= Beginning of Section =
(* Coordinatewise, the error of the posterior mean is an affine function of a single standard
   Gaussian, so the risk is the sum of squared biases and variances. Inside the sieve the variance
   is at most eps Lam_j and, by Assumption A, the squared bias is at most (eps Lam_(m) / d^2)
   (theta_j - eta_j)^2; outside it the squared bias is at most a_m times the ellipsoid weight
   (theta_j - eta_j)^2 / a_j. Hence the risk is at most max (eps Lam_(m) / d^2) a_m * r
   + eps m LamBar_m, and at m = m* each of these terms is bounded by Phi*. Assumption A is only
   available up to G_eps, but once Phi* drops below inf_j Lam_j (which happens for small eps
   because a_m -> 0), the inequality eps m* LamBar_m* <= Phi* forces m* <= G_eps. *)

lemma prob_space_std_gauss: "prob_space std_gauss"
  unfolding std_gauss_def by (rule prob_space_normal_density) simp

lemma measurable_noise_component: "(\<lambda>xi. xi j) \<in> measurable noise_law std_gauss"
  unfolding noise_law_def by (rule measurable_component_singleton) simp

lemma borel_measurable_noise_component[measurable]: "(\<lambda>xi. xi j) \<in> borel_measurable noise_law"
  using measurable_noise_component unfolding std_gauss_def by simp

lemma nn_integral_noise_component:
  assumes [measurable]: "f \<in> borel_measurable borel"
  shows "(\<integral>\<^sup>+ xi. f (xi j) \<partial>noise_law) = (\<integral>\<^sup>+ x. f x \<partial>std_gauss)"
proof -
  have "distr noise_law std_gauss (\<lambda>xi. xi j) = std_gauss"
    unfolding noise_law_def by (rule distr_PiM_component) (auto simp: prob_space_std_gauss)
  then have "(\<integral>\<^sup>+ x. f x \<partial>std_gauss) = (\<integral>\<^sup>+ x. f x \<partial>distr noise_law std_gauss (\<lambda>xi. xi j))"
    by simp
  also have "\<dots> = (\<integral>\<^sup>+ xi. f (xi j) \<partial>noise_law)"
    by (rule nn_integral_distr[OF measurable_noise_component]) (simp add: std_gauss_def)
  finally show ?thesis ..
qed

lemma nn_integral_std_gauss_affine_square:
  fixes c s :: real
  shows "(\<integral>\<^sup>+ x. ennreal ((c + s * x)\<^sup>2) \<partial>std_gauss) = ennreal (c\<^sup>2 + s\<^sup>2)"
proof -
  \<comment> \<open>exponents in the shape \<open>2 * k\<close> and \<open>2 * k + 1\<close> expected by the Gaussian moment lemmas\<close>
  have moments: "(\<lambda>x. std_normal_density x * (c + s * x)\<^sup>2) = (\<lambda>x.
      c\<^sup>2 * (std_normal_density x * x ^ (2*0)) + (2 * c * s) * (std_normal_density x * x ^ (2*0+1))
      + s\<^sup>2 * (std_normal_density x * x ^ (2*1)))"
    by (auto simp: power2_eq_square algebra_simps)
  have int: "integrable lborel (\<lambda>x. std_normal_density x * x ^ k)" for k
    by (rule integrable_std_normal_moment)
  have integrable: "integrable lborel (\<lambda>x. std_normal_density x * (c + s * x)\<^sup>2)"
    unfolding moments by (intro Bochner_Integration.integrable_add integrable_mult_right int)
  have "(\<integral>\<^sup>+ x. ennreal ((c + s * x)\<^sup>2) \<partial>std_gauss)
      = (\<integral>\<^sup>+ x. ennreal (std_normal_density x * (c + s * x)\<^sup>2) \<partial>lborel)"
    unfolding std_gauss_def
    by (subst nn_integral_density) (auto simp: ennreal_mult normal_density_nonneg)
  also have "\<dots> = ennreal (\<integral>x. std_normal_density x * (c + s * x)\<^sup>2 \<partial>lborel)"
    by (rule nn_integral_eq_integral[OF integrable]) (simp add: normal_density_nonneg)
  also have "(\<integral>x. std_normal_density x * (c + s * x)\<^sup>2 \<partial>lborel) = c\<^sup>2 + s\<^sup>2"
    unfolding moments
    by (simp only: Bochner_Integration.integral_add Bochner_Integration.integrable_add
        integrable_mult_right integral_mult_right_zero int
        integral_std_normal_moment_even integral_std_normal_moment_odd) simp
  finally show ?thesis .
qed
= End of Section =
**What you should do:**
Restate word for word only the lines running from the beginning of the data to the line holding "(theta_j - eta_j)^2;", both included.

**Reply:**
(* Coordinatewise, the error of the posterior mean is an affine function of a single standard
   Gaussian, so the risk is the sum of squared biases and variances. Inside the sieve the variance
   is at most eps Lam_j and, by Assumption A, the squared bias is at most (eps Lam_(m) / d^2)
   (theta_j - eta_j)^2; outside it the squared bias is at most a_m times the ellipsoid weight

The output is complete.